The Daily Telegraph first reported on 28 March that the regulator is concerned legacy customers are locked into poor investments by steep exit fees, and insurers may be “exploiting” them by levying large fees to subsidise other parts of the business.
The report prompted several insurers’ share price to plummet, including Resolution, Legal & General, Aviva, Phoenix and Resolution.
L&G called on the FCA to bring forward the publication of the business plan “in view of the disorderly market.”
The regulator was forced to issue a clarification statement at 2.30pm explaining the scope of the review in more detail. At 6.30pm, the FCA issued a further statement that it would carry out an investigation into its handling of the issue.

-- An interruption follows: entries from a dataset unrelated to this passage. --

text \<open>Evaluating on \<open>|A\<rangle>\<close> gives \<open>a \<in> A\<close>; if \<open>b \<notin> B\<close>, evaluating on \<open>|w + A\<rangle>\<close> for some \<open>w \<perp> B\<close>
  with \<open>w \<cdot> b = 1\<close> gives a contradiction.\<close>
lemma stabilizer_if_fixes_codespace:
  assumes css: "css_code n A B" and a: "a \<in> bvecs n" and b: "b \<in> bvecs n"
    and fixes_code: "\<forall>\<psi>\<in>codespace n A B. app n (\<lambda>x y. s * pauli_mono n a b x y) \<psi> = \<psi>"
  shows "a \<in> A \<and> b \<in> B"
proof -
  have A: "f2_subspace n A" and B: "f2_subspace n B"
    using css by (auto simp: css_code_def)
  have eq: "s * (dot_sign n b (bxor x a) * \<psi> (bxor x a)) = \<psi> x"
    if "\<psi> \<in> codespace n A B" "x \<in> bvecs n" for \<psi> x
    using fun_cong[OF fixes_code[rule_format, OF that(1)], of x] that(2)
    unfolding app_scaled app_pauli_mono[OF a] by simp
  define \<psi>0 where "\<psi>0 = coset_state n A bzero"
  have e0: "s * (dot_sign n b a * \<psi>0 a) = 1"
    using eq[OF zero_coset_state_codespace[OF css] bzero_bvecs] f2_subspace_bzero[OF A]
    by (simp add: bxor_simps \<psi>0_def coset_state_def bzero_bvecs)
  then have "\<psi>0 a \<noteq> 0" by auto
  then have aA: "a \<in> A" by (simp add: \<psi>0_def coset_state_def bxor_simps split: if_splits)
  then have e0': "s * dot_sign n b a = 1" using e0 a by (simp add: \<psi>0_def coset_state_def bxor_simps)
  have "b \<in> B"
  proof (rule ccontr)
    assume "b \<notin> B"
    then obtain w where w: "w \<in> bvecs n" "\<forall>b\<in>B. \<not> dotp n w b" "dotp n w b"
      using f2_subspace_dual_witness[OF B b] by blast
    have cw: "coset_state n A w \<in> codespace n A B"
      by (rule coset_state_codespace[OF css w(1)]) (use w(2) dotp_commute in metis)
    have "coset_state n A w (bxor w a) = 1" using aA a w(1)
      by (simp add: coset_state_def bxor_bvecs) (metis bxor_simps(4,5,6))
    moreover have "coset_state n A w w = 1"
      using w(1) f2_subspace_bzero[OF A] by (simp add: coset_state_def bxor_simps)
    ultimately have "s * (dot_sign n b w * dot_sign n b a) = 1"
      using eq[OF cw w(1)] by (simp add: dot_sign_bxor_right bxor_simps(5) ac_simps)
    then have "dot_sign n b w = 1" using e0' by (metis mult.left_commute mult.right_neutral)
    then show False using w(3) by (simp add: dot_sign_dotp dotp_commute)
  qed
  then show ?thesis using aA by simp
qed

The FCA said: “The FCA board acknowledges the concerns of the market regarding today’s press coverage of the FCA’s proposed supervisory work on the fair treatment of long standing customers in life insurance. The FCA put out a statement of clarification this afternoon.
“The board will conduct an investigation into the FCA’s handling of the issue involving an external law firm, and will share the outcome of this work in due course.”
Over the weekend, reports say insurers are calling for FCA chief executive Martin Wheatley to resign over the issue. The Sunday Times suggests the FCA only put out its first statement of clarification after a phone call between Wheatley and Association of British Insurers chief executive Otto Thoresen. The newspaper said the ABI will write to Chancellor George Osborne to complain about the FCA.
Treasury select committee chair Andrew Tyrie told The Daily Telegraph: “On the face of it, this is an extraordinary blunder.
“It is crucial we have a full and transparent explanation about how such an apparently serious mistake came to be made by our financial services watchdog – the body appointed by Parliament to enforce high standards of conduct.”